Well i love to wear the clothes same has gesualdo ''the collet look rad'' were can i find 16 century clothes, and yes i know im wierd but whatever, Carlo Gesualdoo had style.I whant renaissance clothing even if people thinkk im a fool i dont care, who whit me on this , and in montreal were can i get these, franco-flemish or renaissance clothings, ishe im afraid there expensive...or only costume to rent...


----------



## David Phillips (Jun 26, 2017)

I'd like to hire La Scala: soloists, chorus, orchestra and make them rehearse The Mikado for a week.


----------



## JeffD (May 8, 2017)

I would love to hire a first rate string quartet and have them play Mozart and Beethoven and Schubert quartets, one every weekend in my living room.


----------



## Pugg (Aug 8, 2014)

I'd like to hire The Metropolitan Opera, soloists, chorus, orchestra and performing my favourite operas with my family, friends invited guests only.


----------



## T Son of Ander (Aug 25, 2015)

I'd love to hire the MET and have them perform the Ring. They don't have to stage it. They can set up in my back yard.

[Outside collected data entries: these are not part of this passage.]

definition center :: "'a set \<Rightarrow> ('a \<times> 'a) set \<Rightarrow> ('a \<Rightarrow> 'a \<Rightarrow> nat) \<Rightarrow> ('a \<Rightarrow> nat) \<Rightarrow> nat \<Rightarrow> ('a \<Rightarrow> nat) \<Rightarrow> 'a \<Rightarrow> 'a" where
  "center V E w ID r \<delta> x = (THE c. c \<in> V \<and> d_via V E w r \<delta> c x = d_super V E w r \<delta> x \<and>
       (\<forall>u \<in> V. d_via V E w r \<delta> u x = d_super V E w r \<delta> x \<longrightarrow> ID c \<le> ID u))"

end

theory Submission
  imports Defs
begin

text \<open>
  Take a union bound over the possible centers a of u and fix all shifts except that of a.  The
  event c_u = a is upward closed in the shift of a, say it holds iff the shift is at least t.  Once
  the shift reaches t + 2 w(u,v), a also beats every other candidate at v, because d_G(-,u) and
  d_G(-,v) differ by at most w(u,v).  Hence c_u = a \<noteq> c_v confines the shift to the window
  [t, t + 2w), which by memorylessness has probability at most 2wp Pr[shift \<ge> t], plus
  (1-p)^(r+1-2w) when the window reaches the cap r.  As the events c_u = a are disjoint, summing
  over a gives 2wp + n (1-p)^(r+1-2w), and when 4pw < 1 (otherwise there is nothing to prove) the
  choice of r makes the second term at most 2p.
\<close>

definition geom_cap_mass :: "real \<Rightarrow> nat \<Rightarrow> nat \<Rightarrow> real" where
  "geom_cap_mass p r i = (if i < r then p * (1 - p) ^ i else if i = r then (1 - p) ^ r else 0)"

lemma sum_geometric_interval:
  fixes p :: real
  shows "(\<Sum>j\<in>{i..<i+m}. p * (1 - p) ^ j) = (1 - p) ^ i - (1 - p) ^ (i + m)"
  by (induction m) (auto simp: algebra_simps)
(* Consider a mean-variance team stochastic game as described in the context. Let $\boldsymbol{\mu},\boldsymbol{\mu}'\in\mathcal{U}$ and for $\delta\in[0,1]$ let $\delta_{\boldsymbol{\mu}}^{\boldsymbol{\mu}'}$ be the (centralized) stationary policy $\delta_{\boldsymbol{\mu}}^{\boldsymbol{\mu}'}(\boldsymbol{a}|s)=(1-\delta)\boldsymbol{\mu}(\boldsymbol{a}|s)+\delta\boldsymbol{\mu}'(\boldsymbol{a}|s)$ (the joint action follows $\boldsymbol{\mu}$ with probability $1-\delta$ and $\boldsymbol{\mu}'$ with probability $\delta$). Then $$\frac{\mathrm{d}J(\delta_{\boldsymbol{\mu}}^{\boldsymbol{\mu}'})}{\mathrm{d}\delta}\Big|_{\delta=0}=\mathbb{E}_{s\sim\pi^{\boldsymbol{\mu}},\,\boldsymbol{a}\sim\boldsymbol{\mu}'(\cdot|s)}\big[A_f^{\boldsymbol{\mu}}(s,\boldsymbol{a})\big],$$ where the derivative at $\delta=0$ is the one-sided (right) derivative.
   Context: A team stochastic game consists of a finite set of agents $\mathcal{N}=\{1,\dots,N\}$, a finite state space $\mathcal{S}$, finite action sets $\mathcal{A}_i$ with joint action set $\mathcal{A}=\prod_i\mathcal{A}_i$, a transition kernel $P(s'|s,\boldsymbol{a})$ and a common reward $r:\mathcal{S}\times\mathcal{A}\to\mathbb{R}$. A policy of agent $i$ is $\mu_i:\mathcal{S}\to\Delta(\mathcal{A}_i)$ (set $\mathcal{U}_i$); a joint policy $\boldsymbol{\mu}\in\mathcal{U}=\prod_i\mathcal{U}_i$ has $\boldsymbol{\mu}(\boldsymbol{a}|s)=\prod_i\mu_i(a_i|s)$. More generally, any centralized stationary policy $\sigma:\mathcal{S}\to\Delta(\mathcal{A})$ induces the chain $P^{\sigma}(s'|s)=\sum_{\boldsymbol{a}}\sigma(\boldsymbol{a}|s)P(s'|s,\boldsymbol{a})$. Standing assumption: for every joint policy $\boldsymbol{\mu}\in\mathcal{U}$ the induced chain is ergodic; $\pi^{\sigma}$ denotes the stationary distribution of the chain induced by $\sigma$. For such $\sigma$: $\eta^{\sigma}=\sum_s\pi^{\sigma}(s)\sum_{\boldsymbol{a}}\sigma(\boldsymbol{a}|s)r(s,\boldsymbol{a})$, $\zeta^{\sigma}=\sum_s\pi^{\sigma}(s)\sum_{\boldsymbol{a}}\sigma(\boldsymbol{a}|s)(r(s,\boldsymbol{a})-\eta^{\sigma})^2$, and for fixed $\beta\ge0$, $J(\sigma)=J^{\sigma}=\eta^{\sigma}-\beta\zeta^{\sigma}$. Surrogate reward $f^{\sigma}(s,\boldsymbol{a})=r(s,\boldsymbol{a})-\beta(r(s,\boldsymbol{a})-\eta^{\sigma})^2$, $f^{\sigma}(s)=\sum_{\boldsymbol{a}}\sigma(\boldsymbol{a}|s)f^{\sigma}(s,\boldsymbol{a})$. $V_f^{\sigma}$ is a solution of the Poisson equation $V(s)=f^{\sigma}(s)-J^{\sigma}+\sum_{s'}P^{\sigma}(s'|s)V(s')$ (unique up to an additive constant, irrelevant below); $Q_f^{\sigma}(s,\boldsymbol{a})=f^{\sigma}(s,\boldsymbol{a})-J^{\sigma}+\sum_{s'}P(s'|s,\boldsymbol{a})V_f^{\sigma}(s')$; $A_f^{\sigma}(s,\boldsymbol{a})=Q_f^{\sigma}(s,\boldsymbol{a})-V_f^{\sigma}(s)$. *)

theory Defs
  imports Complex_Main
begin

(* States: a finite type 's.  Agents: a finite type 'i.  Agent i's action set: A i :: 'b set.
   Joint actions: functions a :: 'i => 'b with a i \<in> A i for all i. *)

definition joint_actions :: "('i \<Rightarrow> 'b set) \<Rightarrow> ('i \<Rightarrow> 'b) set" where
  "joint_actions A = {a. \<forall>i. a i \<in> A i}"

definition team_game :: "('i::finite \<Rightarrow> 'b set) \<Rightarrow> ('s::finite \<Rightarrow> ('i \<Rightarrow> 'b) \<Rightarrow> 's \<Rightarrow> real) \<Rightarrow> bool" where
  "team_game A P \<longleftrightarrow> (\<forall>i. finite (A i) \<and> A i \<noteq> {}) \<and>
     (\<forall>s. \<forall>a\<in>joint_actions A. (\<forall>s'. P s a s' \<ge> 0) \<and> (\<Sum>s'\<in>UNIV. P s a s') = 1)"

definition local_policy :: "'b set \<Rightarrow> ('s \<Rightarrow> 'b \<Rightarrow> real) \<Rightarrow> bool" where
  "local_policy Ai m \<longleftrightarrow> (\<forall>s. (\<forall>b\<in>Ai. m s b \<ge> 0) \<and> (\<Sum>b\<in>Ai. m s b) = 1)"

definition joint_policies :: "('i \<Rightarrow> 'b set) \<Rightarrow> ('i \<Rightarrow> 's \<Rightarrow> 'b \<Rightarrow> real) set" where
  "joint_policies A = {mu. \<forall>i. local_policy (A i) (mu i)}"

definition joint_prob :: "('i::finite \<Rightarrow> 's \<Rightarrow> 'b \<Rightarrow> real) \<Rightarrow> 's \<Rightarrow> ('i \<Rightarrow> 'b) \<Rightarrow> real" where
  "joint_prob mu s a = (\<Prod>i\<in>UNIV. mu i s (a i))"

definition induced_chain :: "('i \<Rightarrow> 'b set) \<Rightarrow> ('s \<Rightarrow> ('i \<Rightarrow> 'b) \<Rightarrow> 's \<Rightarrow> real)
    \<Rightarrow> ('s \<Rightarrow> ('i \<Rightarrow> 'b) \<Rightarrow> real) \<Rightarrow> 's \<Rightarrow> 's \<Rightarrow> real" where
  "induced_chain A P sigma s s' = (\<Sum>a\<in>joint_actions A. sigma s a * P s a s')"

fun nstep :: "('s::finite \<Rightarrow> 's \<Rightarrow> real) \<Rightarrow> nat \<Rightarrow> 's \<Rightarrow> 's \<Rightarrow> real" where
  "nstep Q 0 s s' = (if s = s' then 1 else 0)"
| "nstep Q (Suc n) s s' = (\<Sum>t\<in>UNIV. nstep Q n s t * Q t s')"

definition irreducible_chain :: "('s::finite \<Rightarrow> 's \<Rightarrow> real) \<Rightarrow> bool" where
  "irreducible_chain Q \<longleftrightarrow> (\<forall>s s'. \<exists>n>0. nstep Q n s s' > 0)"

definition aperiodic_chain :: "('s::finite \<Rightarrow> 's \<Rightarrow> real) \<Rightarrow> bool" where
  "aperiodic_chain Q \<longleftrightarrow> (\<forall>s. Gcd {n::nat. n > 0 \<and> nstep Q n s s > 0} = 1)"

definition ergodic_chain :: "('s::finite \<Rightarrow> 's \<Rightarrow> real) \<Rightarrow> bool" where
  "ergodic_chain Q \<longleftrightarrow> irreducible_chain Q \<and> aperiodic_chain Q"

definition is_stationary :: "('s::finite \<Rightarrow> 's \<Rightarrow> real) \<Rightarrow> ('s \<Rightarrow> real) \<Rightarrow> bool" where
  "is_stationary Q p \<longleftrightarrow> (\<forall>s. p s \<ge> 0) \<and> (\<Sum>s\<in>UNIV. p s) = 1 \<and>
     (\<forall>s'. (\<Sum>s\<in>UNIV. p s * Q s s') = p s')"

(* the stationary distribution pi^sigma (unique for ergodic chains) *)
definition stat_dist :: "('s::finite \<Rightarrow> 's \<Rightarrow> real) \<Rightarrow> 's \<Rightarrow> real" where
  "stat_dist Q = (THE p. is_stationary Q p)"

definition pi_pol where
  "pi_pol A P sigma = stat_dist (induced_chain A P sigma)"

definition eta where
  "eta A P r sigma = (\<Sum>s\<in>UNIV. pi_pol A P sigma s * (\<Sum>a\<in>joint_actions A. sigma s a * r s a))"

definition zeta where
  "zeta A P r sigma = (\<Sum>s\<in>UNIV. pi_pol A P sigma s *
      (\<Sum>a\<in>joint_actions A. sigma s a * (r s a - eta A P r sigma)^2))"

definition Jmv where
  "Jmv A P r \<beta> sigma = eta A P r sigma - \<beta> * zeta A P r sigma"

definition f_sa where
  "f_sa A P r \<beta> sigma s a = r s a - \<beta> * (r s a - eta A P r sigma)^2"

definition f_s where
  "f_s A P r \<beta> sigma s = (\<Sum>a\<in>joint_actions A. sigma s a * f_sa A P r \<beta> sigma s a)"

definition poisson_sol where
  "poisson_sol A P r \<beta> sigma V \<longleftrightarrow> (\<forall>s. V s = f_s A P r \<beta> sigma s - Jmv A P r \<beta> sigma +
      (\<Sum>s'\<in>UNIV. induced_chain A P sigma s s' * V s'))"

(* V_f^sigma: some solution of the Poisson equation (unique up to an additive constant) *)
definition V_f where
  "V_f A P r \<beta> sigma = (SOME V. poisson_sol A P r \<beta> sigma V)"

definition Q_f where
  "Q_f A P r \<beta> sigma s a = f_sa A P r \<beta> sigma s a - Jmv A P r \<beta> sigma +
      (\<Sum>s'\<in>UNIV. P s a s' * V_f A P r \<beta> sigma s')"

definition A_f where
  "A_f A P r \<beta> sigma s a = Q_f A P r \<beta> sigma s a - V_f A P r \<beta> sigma s"

definition mix_pol where
  "mix_pol mu mu' \<delta> s a = (1 - \<delta>) * joint_prob mu s a + \<delta> * joint_prob mu' s a"

end

theory Submission
  imports Defs "HOL-Analysis.Analysis"
begin

(* Mixing the joint policies mixes the induced chains: P^delta = P^mu + delta (P^mu' - P^mu).
   If p is stationary for P^delta and V solves the Poisson equation of P^mu for a reward g,
   pairing the Poisson equation with p gives
     <p, g> = <pi^mu, g> + delta <p, (P^mu' - P^mu) V>.
   Hence pi^delta tends to pi^mu, and the right derivative at 0 of every stationary expectation
   along the mixture can be read off.  The variance is handled by the identity
     J(sigma) = E[r - beta (r - c)^2] + beta (eta^sigma - c)^2      for every constant c:
   with c = eta^mu the first term is a stationary expectation of the surrogate reward f^mu, and
   the second is beta times the square of a differentiable function vanishing at 0, so its
   derivative there is 0.
   Existence and uniqueness of stationary distributions and solvability of the Poisson equation
   for finite irreducible chains rest on a single fact: a nonzero left invariant vector of an
   irreducible stochastic matrix has constant strict sign. *)

section \<open>Stationary distributions of finite Markov chains\<close>

definition stochastic :: "('s::finite \<Rightarrow> 's \<Rightarrow> real) \<Rightarrow> bool" where
  "stochastic Q \<longleftrightarrow> (\<forall>s t. Q s t \<ge> 0) \<and> (\<forall>s. (\<Sum>t\<in>UNIV. Q s t) = 1)"

lemma nstep_nonneg: "stochastic Q \<Longrightarrow> nstep Q n s t \<ge> 0"
  by (induction n arbitrary: t) (auto simp: stochastic_def intro!: sum_nonneg)

lemma left_invariant_pos_part:
  assumes Q: "stochastic Q" and inv: "\<forall>t. (\<Sum>s\<in>UNIV. y s * Q s t) = y t"
  shows "(\<Sum>s\<in>UNIV. max (y s) 0 * Q s t) = max (y t) 0"
proof -
  have ge: "(\<Sum>s\<in>UNIV. max (y s) 0 * Q s t) \<ge> max (y t) 0" for t
  proof -
    have "(\<Sum>s\<in>UNIV. max (y s) 0 * Q s t) \<ge> (\<Sum>s\<in>UNIV. y s * Q s t)"
      using Q by (auto simp: stochastic_def intro!: sum_mono mult_right_mono)
    moreover have "(\<Sum>s\<in>UNIV. max (y s) 0 * Q s t) \<ge> 0"
      using Q by (auto simp: stochastic_def intro!: sum_nonneg)
    ultimately show ?thesis using inv by simp
  qed
  \<comment> \<open>the inequalities cannot be strict, since both sides have the same total mass\<close>
  have "(\<Sum>t\<in>UNIV. \<Sum>s\<in>UNIV. max (y s) 0 * Q s t) = (\<Sum>s\<in>UNIV. max (y s) 0 * (\<Sum>t\<in>UNIV. Q s t))"
    by (subst sum.swap) (simp add: sum_distrib_left)
  also have "\<dots> = (\<Sum>t\<in>UNIV. max (y t) 0)" using Q by (simp add: stochastic_def)
  finally have "(\<Sum>t\<in>UNIV. (\<Sum>s\<in>UNIV. max (y s) 0 * Q s t) - max (y t) 0) = 0"
    by (simp add: sum_subtractf)
  then have "\<forall>t\<in>UNIV. (\<Sum>s\<in>UNIV. max (y s) 0 * Q s t) - max (y t) 0 = 0"
    using ge by (subst (asm) sum_nonneg_eq_0_iff) auto
  then show ?thesis by simp
qed

lemma left_invariant_nonneg_pos:
  assumes Q: "stochastic Q" and irr: "irreducible_chain Q"
    and inv: "\<forall>t. (\<Sum>s\<in>UNIV. z s * Q s t) = z t" and nonneg: "\<forall>s. z s \<ge> 0" and pos: "z s0 > 0"
  shows "z t > 0"
proof -
  have "\<forall>t. nstep Q n s0 t > 0 \<longrightarrow> z t > 0" for n
  proof (induction n)
    case 0
    then show ?case using pos by simp
  next
    case (Suc n)
    show ?case
    proof (intro allI impI)
      fix t
      assume "nstep Q (Suc n) s0 t > 0"
      then have "0 < (\<Sum>u\<in>UNIV. nstep Q n s0 u * Q u t)" by simp
      then obtain u where u: "nstep Q n s0 u * Q u t > 0"
        by (metis (no_types, lifting) not_le sum_nonpos)
      have "nstep Q n s0 u \<ge> 0" "Q u t \<ge> 0"
        using Q nstep_nonneg by (auto simp: stochastic_def)
      with u have "nstep Q n s0 u > 0" "Q u t > 0" by (auto simp: zero_less_mult_iff)
      with Suc have "z u * Q u t > 0" by simp
      also have "z u * Q u t \<le> (\<Sum>s\<in>UNIV. z s * Q s t)"
        by (rule member_le_sum) (use Q nonneg in \<open>auto simp: stochastic_def\<close>)
      finally show "z t > 0" using inv by simp
    qed
  qed
  moreover obtain n where "nstep Q n s0 t > 0"
    using irr by (auto simp: irreducible_chain_def)
  ultimately show ?thesis by blast
qed

lemma left_invariant_strict_sign:
  assumes Q: "stochastic Q" and irr: "irreducible_chain Q"
    and inv: "\<forall>t. (\<Sum>s\<in>UNIV. y s * Q s t) = y t" and nonzero: "y s0 \<noteq> 0"
  shows "(\<forall>t. y t > 0) \<or> (\<forall>t. y t < 0)"
proof -
  have pos: "\<forall>t. y t > 0" if inv: "\<forall>t. (\<Sum>s\<in>UNIV. y s * Q s t) = y t" and "y s1 > 0"
    for y :: "'a \<Rightarrow> real" and s1
  proof
    fix t
    have "max (y t) 0 > 0"
      by (rule left_invariant_nonneg_pos[OF Q irr, of "\<lambda>s. max (y s) 0" s1])
        (use left_invariant_pos_part[OF Q inv] \<open>y s1 > 0\<close> in auto)
    then show "y t > 0" by (simp add: max_def split: if_splits)
  qed
  show ?thesis
  proof (cases "y s0 > 0")
    case True
    then show ?thesis using pos[OF inv] by blast
  next
    case False
    with nonzero have "- y s0 > 0" by simp
    moreover have "\<forall>t. (\<Sum>s\<in>UNIV. - y s * Q s t) = - y t"
      using inv by (simp add: sum_negf)
    ultimately show ?thesis using pos[of "\<lambda>s. - y s" s0] by auto
  qed
qed

definition id_minus :: "('s::finite \<Rightarrow> 's \<Rightarrow> real) \<Rightarrow> real^'s^'s" where
  "id_minus Q = (\<chi> i j. (if i = j then 1 else 0) - Q i j)"

lemma id_minus_mult_vec: "(id_minus Q *v x) $ i = x $ i - (\<Sum>j\<in>UNIV. Q i j * x $ j)"
  by (simp add: id_minus_def matrix_vector_mult_def left_diff_distrib sum_subtractf
      if_distrib[where f="\<lambda>u. u * _"] cong: if_cong)

lemma vec_mult_id_minus: "(x v* id_minus Q) $ j = x $ j - (\<Sum>i\<in>UNIV. x $ i * Q i j)"
  by (simp add: id_minus_def vector_matrix_mult_def right_diff_distrib sum_subtractf
      if_distrib[where f="\<lambda>u. _ * u"] cong: if_cong)

lemma left_null_id_minus_iff: "y v* id_minus Q = 0 \<longleftrightarrow> (\<forall>t. (\<Sum>s\<in>UNIV. y $ s * Q s t) = y $ t)"
  by (simp add: vec_eq_iff vec_mult_id_minus) metis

JeffD- I would also love to have a really good string quartet play in my house. Or better yet, a piano quintet.


----------



## Strange Magic (Sep 14, 2015)

I would endow my "Four Sergeis Concert Hall", where only music composed by or commissioned by a Sergei--Prokofiev, Rachmaninoff, Diaghilev, Koussevitsky--would be performed. I would devise each evening's concert. Lotta great music came out of that quartet, one way or another. The Sergeis themselves would be the star performers as conductors and/or soloists-- hey, this is a fantasy!


----------



## Judith (Nov 11, 2015)

Would hire an old English Stately Home that had a hall with wooden panels and have
Steven Isserlis
Joshua Bell
Stephen Hough

perform for me a chamber concert one evening with music of their choice.


----------



## Jos (Oct 14, 2013)

Yeah, a stately home would do nicely. Some piano solo music, maybe a string quartet or a small scale concertante.
Old friends and gorgeous ladies. Lots of Champagne; cocktails "death in the afternoon".


----------